Stopping at the line that holds "((u - 13) / (u^2", repeat the lines below exactly, starting from the very first and including that final line.

Data under study:
※ ※ ※
(* Let \[F_3(x,y)=6(x^2-y^2)(x^2+y^2)^2+3x^5-6x^3y^2-9xy^4-2x^2y^2\in\mathbb{Z}[x,y],\] and let $C_3\subset\mathbb{P}^2$ be the projective closure of the plane affine curve $\{F_3=0\}$, considered over $\mathbb{Q}$. Then $F_3$ is irreducible and $C_3$ is a curve of geometric genus $1$. Moreover $C_3$ is birationally equivalent over $\mathbb{Q}$ to the elliptic curve \[E:\; v^2=u^3-75u+74 .\] An explicit birational map $E\dashrightarrow C_3$ is given by \[(u,v)\mapsto\left(\frac{X}{X^2+Y^2},\,-\frac{Y}{X^2+Y^2}\right),\qquad X=\frac{u-13}{6},\quad Y=\frac{v}{2}\cdot\frac{u-13}{u^2+u-74}.\] In particular $C_3$ is an elliptic curve over $\mathbb{Q}$ (it has the rational point $(-1/2,0)$), with $j$-invariant $j=\frac{62500}{33}=\frac{2^2\cdot 5^6}{3\cdot 11}$.
   Context: The polynomial $F_3$ arises as follows: for $\phi=\exp\!\big(x/(x^2+y^2)\big)$ one has $\partial_y^3\phi = \frac{xy\,F_3(x,y)}{(x^2+y^2)^6}\,\phi$. The geometric genus of $C_3$ means the genus of its normalization (smooth projective model). *)

theory Defs
  imports Complex_Main "HOL-Computational_Algebra.Polynomial"
begin

text \<open>Bivariate polynomials over Q are represented as Q[x][y] = rat poly poly:
  the outer variable is y, the coefficients are polynomials in x.\<close>

definition polyX :: "rat poly poly" where "polyX = [:[:0, 1:]:]"
definition polyY :: "rat poly poly" where "polyY = [:0, 1:]"

definition F3 :: "rat poly poly" where
  "F3 = 6 * (polyX^2 - polyY^2) * (polyX^2 + polyY^2)^2 + 3 * polyX^5
        - 6 * polyX^3 * polyY^2 - 9 * polyX * polyY^4 - 2 * polyX^2 * polyY^2"

definition eval2 :: "rat poly poly \<Rightarrow> complex \<Rightarrow> complex \<Rightarrow> complex" where
  "eval2 P x y = poly (map_poly (\<lambda>c. poly (map_poly of_rat c) x) P) y"

definition onE :: "complex \<Rightarrow> complex \<Rightarrow> bool" where
  "onE u v \<longleftrightarrow> v^2 = u^3 - 75 * u + 74"

definition phiX :: "complex \<Rightarrow> complex" where "phiX u = (u - 13) / 6"
definition phiY :: "complex \<Rightarrow> complex \<Rightarrow> complex" where
  "phiY u v = v / 2 * ((u - 13) / (u^2 + u - 74))"

definition phi_defined :: "complex \<Rightarrow> complex \<Rightarrow> bool" where
  "phi_defined u v \<longleftrightarrow> u^2 + u - 74 \<noteq> 0 \<and> (phiX u)^2 + (phiY u v)^2 \<noteq> 0"

definition phi :: "complex \<Rightarrow> complex \<Rightarrow> complex \<times> complex" where
  "phi u v = (phiX u / ((phiX u)^2 + (phiY u v)^2),
              - phiY u v / ((phiX u)^2 + (phiY u v)^2))"

definition weierstrass_disc :: "rat \<Rightarrow> rat \<Rightarrow> rat" where
  "weierstrass_disc a b = -16 * (4 * a^3 + 27 * b^2)"

definition weierstrass_j :: "rat \<Rightarrow> rat \<Rightarrow> rat" where
  "weierstrass_j a b = 1728 * (4 * a^3) / (4 * a^3 + 27 * b^2)"

end

theory Submission
  imports Defs
begin

(* Irreducibility: substituting y = t x gives F3(x, t x) = x^4 R(t, x), where R, the strict
   transform of C3 under the blow-up of the origin, is quadratic in x with R(t, 0) = -2 t^2.
   The substitution is an injective ring homomorphism, so a factorisation F3 = A B yields a
   factorisation of R up to powers of x. The coefficients of R in Q[t] have no common factor,
   R(2, x) = -450 x^2 - 165 x - 8 has the non-square discriminant 12825, and a factor A = c x^m
   with m > 0 is excluded by F3(0, 1) = -6.

   Birationality: the inversion (X, Y) = (x, -y) / (x^2 + y^2) turns F3 = 0 into
   Y^2 W(X) = 3 X^2 (X + 2) with W(X) = 2 X^2 + 9 X + 6, and u = 6 X + 13, v = 6 Y W(X) / X
   turn this into v^2 = u^3 - 75 u + 74, since u^2 + u - 74 = 18 W(X) and
   u^3 - 75 u + 74 = 108 (X + 2) W(X). The map phi is the inverse of this composite. *)

lemma map_poly_add_hom:
  assumes "\<And>a b. f (a + b) = f a + f b" and "f 0 = 0"
  shows "map_poly f (p + q) = map_poly f p + map_poly f q"
  by (intro poly_eqI) (simp add: coeff_map_poly assms)

lemma map_poly_mult_hom:
  fixes f :: "'a::comm_semiring_0 \<Rightarrow> 'b::comm_semiring_0"
  assumes add: "\<And>a b. f (a + b) = f a + f b" and mult: "\<And>a b. f (a * b) = f a * f b"
    and zero: "f 0 = 0"
  shows "map_poly f (p * q) = map_poly f p * map_poly f q"
proof (induction p)
  case (pCons a p)
  then show ?case
    by (simp add: map_poly_add_hom[OF add zero] map_poly_smult[of f, OF zero mult]
        map_poly_pCons[of f, OF zero] zero)
qed simp

lemma poly_map_poly_hom:
  fixes h :: "'a::comm_semiring_0 \<Rightarrow> 'b::comm_semiring_0"
  assumes "\<And>a b. h (a + b) = h a + h b" and "\<And>a b. h (a * b) = h a * h b" and "h 0 = 0"
  shows "h (poly p x) = poly (map_poly h p) (h x)"
  by (induction p) (simp_all add: map_poly_pCons assms)

lemma factors_of_X_power_mult:
  fixes p q r :: "'a::idom poly"
  assumes pq: "p * q = [:0, 1:] ^ k * r" and r0: "poly r 0 \<noteq> 0"
  obtains m n p' q' where "p = [:0, 1:] ^ m * p'" "q = [:0, 1:] ^ n * q'" "p' * q' = r"
proof -
  have X: "[:0, 1:] = [:- 0, 1 :: 'a:]"
    by simp
  have nz: "p * q \<noteq> 0"
    using pq r0 by auto
  then have "order 0 p + order 0 q = order 0 (p * q)"
    by (simp add: order_mult)
  also have "\<dots> = order 0 ([:- 0, 1:] ^ k * r)"
    using pq by simp
  also have "\<dots> = k"
    using r0 order_power_n_n[of 0 k] by (subst order_mult) (auto simp: order_0I)
  finally have ord: "order 0 p + order 0 q = k" .
  obtain p' q' where p': "p = [:0, 1:] ^ order 0 p * p'" and q': "q = [:0, 1:] ^ order 0 q * q'"
    using order_decomp[of p 0] order_decomp[of q 0] nz by auto
  have "[:0, 1:] ^ k * (p' * q')
      = ([:0, 1:] ^ order 0 p * p') * ([:0, 1:] ^ order 0 q * q')"
    by (simp add: mult_ac flip: ord power_add)
  also have "\<dots> = [:0, 1:] ^ k * r"
    using p' q' pq by simp
  finally have "[:0, 1:] ^ k * (p' * q') = [:0, 1:] ^ k * r" .
  then have "p' * q' = r"
    by simp
  with p' q' show ?thesis
    using that by blast
qed

lemma rat_square_eq_of_int_imp_square:
  assumes "(r :: rat)^2 = of_int n"
  shows "\<exists>k. n = k^2"
proof -
  obtain a b where r: "r = of_int a / of_int b" and "b > 0" and "coprime a b"
    by (cases r) (auto simp: Fract_of_int_quotient)
  then have "of_int a = r * of_int b"
    by simp
  then have "(of_int (a^2) :: rat) = of_int (n * b^2)"
    using assms by (simp add: power_mult_distrib)
  then have "a^2 = n * b^2"
    by (rule of_int_eq_iff[THEN iffD1])
  then have "b^2 dvd a^2"
    by simp
  moreover have "coprime (b^2) (a^2)"
    using \<open>coprime a b\<close> by (simp add: coprime_commute)
  ultimately have "is_unit b"
    by (metis coprime_absorb_left is_unit_power_iff zero_neq_numeral)
  then have "b = 1"
    using \<open>b > 0\<close> by simp
  then show ?thesis
    using \<open>a^2 = n * b^2\<close> by auto
qed

lemma inversion_sum_squares:
  fixes a b :: "'a::field"
  assumes "a^2 + b^2 \<noteq> 0"
  shows "(a / (a^2 + b^2))^2 + (b / (a^2 + b^2))^2 = 1 / (a^2 + b^2)"
proof -
  have "(a / (a^2 + b^2))^2 + (b / (a^2 + b^2))^2 = (a^2 + b^2) / (a^2 + b^2)^2"
    by (simp add: power_divide add_divide_distrib)
  then show ?thesis
    using assms by (simp add: power2_eq_square)
qed

lemma finite_roots_with_square_roots:
  fixes P :: "'a::idom poly" and f :: "'a \<Rightarrow> 'a"
  assumes "P \<noteq> 0"
  shows "finite {(u, v). poly P u = 0 \<and> v^2 = f u}"
proof (rule finite_subset)
  show "{(u, v). poly P u = 0 \<and> v^2 = f u}
      \<subseteq> (\<Union>u\<in>{u. poly P u = 0}. {u} \<times> {v. poly [:- f u, 0, 1:] v = 0})"
    by (auto simp: power2_eq_square)
  show "finite (\<Union>u\<in>{u. poly P u = 0}. {u} \<times> {v. poly [:- f u, 0, 1:] v = 0})"
    using assms by (intro finite_UN_I poly_roots_finite finite_cartesian_product) auto
qed

lemma finite_except_point:
  assumes "\<And>x y. P x y \<Longrightarrow> (x, y) \<noteq> p \<Longrightarrow> Q x y"
  shows "finite {(x, y). P x y \<and> \<not> Q x y}"
  by (rule finite_subset[of _ "{p}"]) (use assms in auto)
※ ※ ※
Reply to the exercise:
(* Let \[F_3(x,y)=6(x^2-y^2)(x^2+y^2)^2+3x^5-6x^3y^2-9xy^4-2x^2y^2\in\mathbb{Z}[x,y],\] and let $C_3\subset\mathbb{P}^2$ be the projective closure of the plane affine curve $\{F_3=0\}$, considered over $\mathbb{Q}$. Then $F_3$ is irreducible and $C_3$ is a curve of geometric genus $1$. Moreover $C_3$ is birationally equivalent over $\mathbb{Q}$ to the elliptic curve \[E:\; v^2=u^3-75u+74 .\] An explicit birational map $E\dashrightarrow C_3$ is given by \[(u,v)\mapsto\left(\frac{X}{X^2+Y^2},\,-\frac{Y}{X^2+Y^2}\right),\qquad X=\frac{u-13}{6},\quad Y=\frac{v}{2}\cdot\frac{u-13}{u^2+u-74}.\] In particular $C_3$ is an elliptic curve over $\mathbb{Q}$ (it has the rational point $(-1/2,0)$), with $j$-invariant $j=\frac{62500}{33}=\frac{2^2\cdot 5^6}{3\cdot 11}$.
   Context: The polynomial $F_3$ arises as follows: for $\phi=\exp\!\big(x/(x^2+y^2)\big)$ one has $\partial_y^3\phi = \frac{xy\,F_3(x,y)}{(x^2+y^2)^6}\,\phi$. The geometric genus of $C_3$ means the genus of its normalization (smooth projective model). *)

theory Defs
  imports Complex_Main "HOL-Computational_Algebra.Polynomial"
begin

text \<open>Bivariate polynomials over Q are represented as Q[x][y] = rat poly poly:
  the outer variable is y, the coefficients are polynomials in x.\<close>

definition polyX :: "rat poly poly" where "polyX = [:[:0, 1:]:]"
definition polyY :: "rat poly poly" where "polyY = [:0, 1:]"

definition F3 :: "rat poly poly" where
  "F3 = 6 * (polyX^2 - polyY^2) * (polyX^2 + polyY^2)^2 + 3 * polyX^5
        - 6 * polyX^3 * polyY^2 - 9 * polyX * polyY^4 - 2 * polyX^2 * polyY^2"

definition eval2 :: "rat poly poly \<Rightarrow> complex \<Rightarrow> complex \<Rightarrow> complex" where
  "eval2 P x y = poly (map_poly (\<lambda>c. poly (map_poly of_rat c) x) P) y"

definition onE :: "complex \<Rightarrow> complex \<Rightarrow> bool" where
  "onE u v \<longleftrightarrow> v^2 = u^3 - 75 * u + 74"

definition phiX :: "complex \<Rightarrow> complex" where "phiX u = (u - 13) / 6"
definition phiY :: "complex \<Rightarrow> complex \<Rightarrow> complex" where
  "phiY u v = v / 2 * ((u - 13) / (u^2 + u - 74))"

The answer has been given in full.